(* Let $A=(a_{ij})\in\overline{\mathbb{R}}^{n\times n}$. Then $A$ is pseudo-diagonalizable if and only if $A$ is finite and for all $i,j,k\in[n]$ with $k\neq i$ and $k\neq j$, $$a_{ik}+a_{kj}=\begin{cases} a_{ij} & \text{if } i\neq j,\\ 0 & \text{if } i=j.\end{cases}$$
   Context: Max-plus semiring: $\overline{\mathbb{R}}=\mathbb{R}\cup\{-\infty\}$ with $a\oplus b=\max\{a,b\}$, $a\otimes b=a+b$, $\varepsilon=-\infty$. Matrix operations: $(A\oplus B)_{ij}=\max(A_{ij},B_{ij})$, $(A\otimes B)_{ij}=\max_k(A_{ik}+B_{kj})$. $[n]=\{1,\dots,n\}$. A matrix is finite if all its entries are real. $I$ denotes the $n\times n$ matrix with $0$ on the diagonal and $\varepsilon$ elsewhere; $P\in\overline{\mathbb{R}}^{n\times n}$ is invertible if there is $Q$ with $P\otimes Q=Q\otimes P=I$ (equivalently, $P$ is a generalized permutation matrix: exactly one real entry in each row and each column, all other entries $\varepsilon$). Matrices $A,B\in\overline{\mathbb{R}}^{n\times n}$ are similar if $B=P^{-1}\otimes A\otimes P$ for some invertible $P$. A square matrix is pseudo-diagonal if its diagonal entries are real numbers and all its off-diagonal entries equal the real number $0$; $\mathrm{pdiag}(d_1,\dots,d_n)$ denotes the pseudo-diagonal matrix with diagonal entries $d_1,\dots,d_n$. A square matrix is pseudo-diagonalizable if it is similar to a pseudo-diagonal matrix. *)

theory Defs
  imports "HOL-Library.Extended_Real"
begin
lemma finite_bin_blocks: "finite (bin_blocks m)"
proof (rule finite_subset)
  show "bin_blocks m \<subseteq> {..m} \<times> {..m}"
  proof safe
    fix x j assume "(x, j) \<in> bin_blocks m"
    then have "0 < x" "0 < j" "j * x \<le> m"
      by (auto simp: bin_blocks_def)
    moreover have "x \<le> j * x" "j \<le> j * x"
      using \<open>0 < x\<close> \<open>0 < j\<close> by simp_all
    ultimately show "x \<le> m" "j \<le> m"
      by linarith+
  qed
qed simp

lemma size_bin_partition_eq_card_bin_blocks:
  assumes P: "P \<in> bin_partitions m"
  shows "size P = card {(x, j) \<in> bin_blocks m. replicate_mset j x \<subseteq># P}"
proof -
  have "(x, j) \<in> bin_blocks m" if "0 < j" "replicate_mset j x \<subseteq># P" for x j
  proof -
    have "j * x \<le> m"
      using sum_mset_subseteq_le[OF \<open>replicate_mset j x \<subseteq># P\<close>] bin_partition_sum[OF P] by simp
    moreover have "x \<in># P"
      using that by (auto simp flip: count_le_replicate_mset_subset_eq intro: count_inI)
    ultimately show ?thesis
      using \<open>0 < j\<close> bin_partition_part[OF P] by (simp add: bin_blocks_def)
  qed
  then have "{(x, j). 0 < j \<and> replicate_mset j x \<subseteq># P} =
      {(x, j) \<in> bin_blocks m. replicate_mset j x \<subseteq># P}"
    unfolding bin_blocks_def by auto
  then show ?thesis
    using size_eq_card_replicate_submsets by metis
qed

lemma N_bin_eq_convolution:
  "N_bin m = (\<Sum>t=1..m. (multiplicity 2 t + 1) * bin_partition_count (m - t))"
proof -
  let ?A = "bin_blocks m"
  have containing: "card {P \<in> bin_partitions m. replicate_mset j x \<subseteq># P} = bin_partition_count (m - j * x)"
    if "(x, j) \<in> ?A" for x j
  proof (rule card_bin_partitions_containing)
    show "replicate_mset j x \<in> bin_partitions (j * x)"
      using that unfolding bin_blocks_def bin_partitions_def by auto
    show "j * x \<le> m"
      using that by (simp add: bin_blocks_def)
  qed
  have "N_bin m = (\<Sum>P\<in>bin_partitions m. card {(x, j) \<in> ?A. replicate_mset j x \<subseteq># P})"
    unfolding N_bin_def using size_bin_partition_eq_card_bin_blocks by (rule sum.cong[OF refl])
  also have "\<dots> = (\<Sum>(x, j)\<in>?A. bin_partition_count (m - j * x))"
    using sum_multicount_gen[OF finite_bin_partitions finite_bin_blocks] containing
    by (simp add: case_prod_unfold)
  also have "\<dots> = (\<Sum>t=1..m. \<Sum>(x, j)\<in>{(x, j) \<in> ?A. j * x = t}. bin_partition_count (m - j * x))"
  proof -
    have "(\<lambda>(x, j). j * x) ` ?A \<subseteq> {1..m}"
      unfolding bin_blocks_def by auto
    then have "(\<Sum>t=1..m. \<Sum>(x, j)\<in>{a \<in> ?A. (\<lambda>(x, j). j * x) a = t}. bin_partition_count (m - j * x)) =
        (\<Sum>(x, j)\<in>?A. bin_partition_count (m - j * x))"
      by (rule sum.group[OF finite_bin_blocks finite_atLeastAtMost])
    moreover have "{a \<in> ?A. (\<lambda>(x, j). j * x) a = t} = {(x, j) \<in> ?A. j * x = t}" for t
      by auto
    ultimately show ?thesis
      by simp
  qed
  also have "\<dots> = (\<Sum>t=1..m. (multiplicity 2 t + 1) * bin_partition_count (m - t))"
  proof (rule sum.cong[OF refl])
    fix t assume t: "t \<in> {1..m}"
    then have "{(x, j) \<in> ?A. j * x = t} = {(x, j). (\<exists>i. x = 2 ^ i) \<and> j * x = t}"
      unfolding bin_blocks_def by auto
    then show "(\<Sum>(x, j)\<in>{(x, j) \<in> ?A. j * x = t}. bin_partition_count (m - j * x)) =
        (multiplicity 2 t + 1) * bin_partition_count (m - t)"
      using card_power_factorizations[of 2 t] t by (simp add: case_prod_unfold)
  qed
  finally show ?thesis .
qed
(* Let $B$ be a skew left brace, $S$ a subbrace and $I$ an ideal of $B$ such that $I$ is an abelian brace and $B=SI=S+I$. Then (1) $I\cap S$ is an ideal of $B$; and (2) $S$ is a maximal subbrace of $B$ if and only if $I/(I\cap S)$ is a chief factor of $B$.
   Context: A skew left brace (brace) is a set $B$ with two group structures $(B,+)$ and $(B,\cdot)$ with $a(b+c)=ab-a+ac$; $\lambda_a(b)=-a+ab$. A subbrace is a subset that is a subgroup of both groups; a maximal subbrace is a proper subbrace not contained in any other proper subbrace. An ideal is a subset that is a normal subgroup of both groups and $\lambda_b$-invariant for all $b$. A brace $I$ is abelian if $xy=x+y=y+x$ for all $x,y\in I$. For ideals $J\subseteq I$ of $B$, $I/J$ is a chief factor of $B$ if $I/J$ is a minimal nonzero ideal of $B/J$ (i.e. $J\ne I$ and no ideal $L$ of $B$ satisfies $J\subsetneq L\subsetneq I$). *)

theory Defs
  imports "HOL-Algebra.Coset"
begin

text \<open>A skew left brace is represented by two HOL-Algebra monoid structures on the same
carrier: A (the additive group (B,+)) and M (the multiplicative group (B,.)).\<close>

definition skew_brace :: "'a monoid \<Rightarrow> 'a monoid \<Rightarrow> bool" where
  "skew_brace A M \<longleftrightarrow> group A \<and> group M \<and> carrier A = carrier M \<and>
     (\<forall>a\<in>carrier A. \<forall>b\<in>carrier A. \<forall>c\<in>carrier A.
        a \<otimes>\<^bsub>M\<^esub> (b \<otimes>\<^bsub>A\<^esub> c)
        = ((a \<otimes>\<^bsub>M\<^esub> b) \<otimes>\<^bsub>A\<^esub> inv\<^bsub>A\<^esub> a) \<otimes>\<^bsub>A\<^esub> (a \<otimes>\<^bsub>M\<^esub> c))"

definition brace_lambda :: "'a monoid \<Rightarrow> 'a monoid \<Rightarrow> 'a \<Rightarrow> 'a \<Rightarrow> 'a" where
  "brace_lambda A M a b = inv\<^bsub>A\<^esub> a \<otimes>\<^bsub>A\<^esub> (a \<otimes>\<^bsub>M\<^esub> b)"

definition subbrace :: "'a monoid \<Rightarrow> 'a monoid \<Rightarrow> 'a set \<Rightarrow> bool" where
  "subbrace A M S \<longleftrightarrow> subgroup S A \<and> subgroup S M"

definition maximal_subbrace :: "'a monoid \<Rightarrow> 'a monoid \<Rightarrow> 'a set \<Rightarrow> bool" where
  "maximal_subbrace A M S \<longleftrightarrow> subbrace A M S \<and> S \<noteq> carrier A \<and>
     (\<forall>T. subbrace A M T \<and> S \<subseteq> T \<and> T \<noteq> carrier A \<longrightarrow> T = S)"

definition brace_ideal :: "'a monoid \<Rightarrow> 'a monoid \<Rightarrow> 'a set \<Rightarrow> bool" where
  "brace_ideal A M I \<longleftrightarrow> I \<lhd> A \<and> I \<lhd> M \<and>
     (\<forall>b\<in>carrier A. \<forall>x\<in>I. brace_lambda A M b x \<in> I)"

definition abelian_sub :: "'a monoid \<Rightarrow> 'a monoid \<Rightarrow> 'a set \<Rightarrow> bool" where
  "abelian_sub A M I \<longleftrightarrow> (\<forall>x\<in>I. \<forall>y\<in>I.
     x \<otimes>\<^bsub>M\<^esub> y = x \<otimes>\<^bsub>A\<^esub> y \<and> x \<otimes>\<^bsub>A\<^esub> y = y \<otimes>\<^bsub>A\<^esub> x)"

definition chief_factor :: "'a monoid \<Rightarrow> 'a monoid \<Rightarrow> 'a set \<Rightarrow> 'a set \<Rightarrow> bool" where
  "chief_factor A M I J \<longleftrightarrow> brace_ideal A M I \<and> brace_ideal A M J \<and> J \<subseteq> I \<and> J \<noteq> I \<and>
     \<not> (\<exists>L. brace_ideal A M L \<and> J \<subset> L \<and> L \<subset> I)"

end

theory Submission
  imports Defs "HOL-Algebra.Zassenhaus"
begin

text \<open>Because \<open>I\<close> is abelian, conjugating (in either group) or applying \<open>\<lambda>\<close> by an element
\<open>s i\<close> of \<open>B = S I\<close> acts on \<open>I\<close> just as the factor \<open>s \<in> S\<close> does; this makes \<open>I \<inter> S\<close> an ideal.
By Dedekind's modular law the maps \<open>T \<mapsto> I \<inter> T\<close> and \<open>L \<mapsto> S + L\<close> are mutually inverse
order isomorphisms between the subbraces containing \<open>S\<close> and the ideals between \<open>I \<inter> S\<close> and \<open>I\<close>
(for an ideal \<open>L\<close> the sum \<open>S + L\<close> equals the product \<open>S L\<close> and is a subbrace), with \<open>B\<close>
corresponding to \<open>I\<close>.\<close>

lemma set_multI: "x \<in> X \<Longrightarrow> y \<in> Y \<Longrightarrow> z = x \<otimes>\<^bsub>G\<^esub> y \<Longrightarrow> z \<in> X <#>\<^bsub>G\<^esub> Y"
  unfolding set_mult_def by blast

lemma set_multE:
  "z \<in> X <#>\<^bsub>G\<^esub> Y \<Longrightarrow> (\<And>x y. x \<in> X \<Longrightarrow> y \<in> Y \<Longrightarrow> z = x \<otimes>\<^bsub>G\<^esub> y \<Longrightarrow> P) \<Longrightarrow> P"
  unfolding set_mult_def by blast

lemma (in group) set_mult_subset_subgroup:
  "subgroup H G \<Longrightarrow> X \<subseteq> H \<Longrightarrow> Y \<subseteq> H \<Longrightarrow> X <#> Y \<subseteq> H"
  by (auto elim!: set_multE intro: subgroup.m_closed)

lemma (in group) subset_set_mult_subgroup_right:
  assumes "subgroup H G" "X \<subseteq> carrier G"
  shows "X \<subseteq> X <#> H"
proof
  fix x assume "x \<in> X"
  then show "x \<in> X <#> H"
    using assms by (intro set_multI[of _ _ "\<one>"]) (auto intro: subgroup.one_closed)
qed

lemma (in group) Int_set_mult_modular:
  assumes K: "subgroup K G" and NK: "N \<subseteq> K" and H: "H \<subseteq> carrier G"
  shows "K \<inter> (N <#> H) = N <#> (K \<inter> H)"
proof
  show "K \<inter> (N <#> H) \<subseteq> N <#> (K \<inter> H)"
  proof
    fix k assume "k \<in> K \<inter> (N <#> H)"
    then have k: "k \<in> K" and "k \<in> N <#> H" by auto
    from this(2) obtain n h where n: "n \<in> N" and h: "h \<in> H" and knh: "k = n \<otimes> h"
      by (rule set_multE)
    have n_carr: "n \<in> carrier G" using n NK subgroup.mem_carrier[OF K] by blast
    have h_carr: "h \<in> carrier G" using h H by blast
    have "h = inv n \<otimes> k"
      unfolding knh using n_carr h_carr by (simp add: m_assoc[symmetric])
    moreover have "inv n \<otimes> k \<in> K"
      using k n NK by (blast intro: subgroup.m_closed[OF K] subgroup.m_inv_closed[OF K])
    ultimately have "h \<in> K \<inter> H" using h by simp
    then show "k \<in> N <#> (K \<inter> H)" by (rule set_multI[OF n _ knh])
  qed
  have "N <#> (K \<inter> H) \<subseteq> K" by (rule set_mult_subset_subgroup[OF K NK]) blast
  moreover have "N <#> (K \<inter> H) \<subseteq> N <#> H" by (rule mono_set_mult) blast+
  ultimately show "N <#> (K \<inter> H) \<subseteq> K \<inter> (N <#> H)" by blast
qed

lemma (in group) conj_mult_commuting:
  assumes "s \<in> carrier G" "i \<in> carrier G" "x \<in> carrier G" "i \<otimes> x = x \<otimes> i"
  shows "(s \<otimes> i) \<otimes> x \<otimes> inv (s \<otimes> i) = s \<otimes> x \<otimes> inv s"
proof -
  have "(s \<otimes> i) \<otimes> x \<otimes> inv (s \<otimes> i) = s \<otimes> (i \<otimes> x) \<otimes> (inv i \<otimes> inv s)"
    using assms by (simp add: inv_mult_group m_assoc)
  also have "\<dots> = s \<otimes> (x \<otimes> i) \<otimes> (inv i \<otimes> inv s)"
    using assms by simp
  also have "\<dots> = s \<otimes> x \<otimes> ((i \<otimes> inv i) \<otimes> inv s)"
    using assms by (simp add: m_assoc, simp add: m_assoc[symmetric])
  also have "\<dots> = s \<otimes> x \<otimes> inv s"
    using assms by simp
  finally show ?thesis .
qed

Problem requirements: Wherever the word "moreover" appears in the records above, copy that line.

Answer section:
    moreover have "x \<le> j * x" "j \<le> j * x"
    moreover have "x \<in># P"
    moreover have "{a \<in> ?A. (\<lambda>(x, j). j * x) a = t} = {(x, j) \<in> ?A. j * x = t}" for t
    moreover have "inv n \<otimes> k \<in> K"
  moreover have "N <#> (K \<inter> H) \<subseteq> N <#> H" by (rule mono_set_mult) blast+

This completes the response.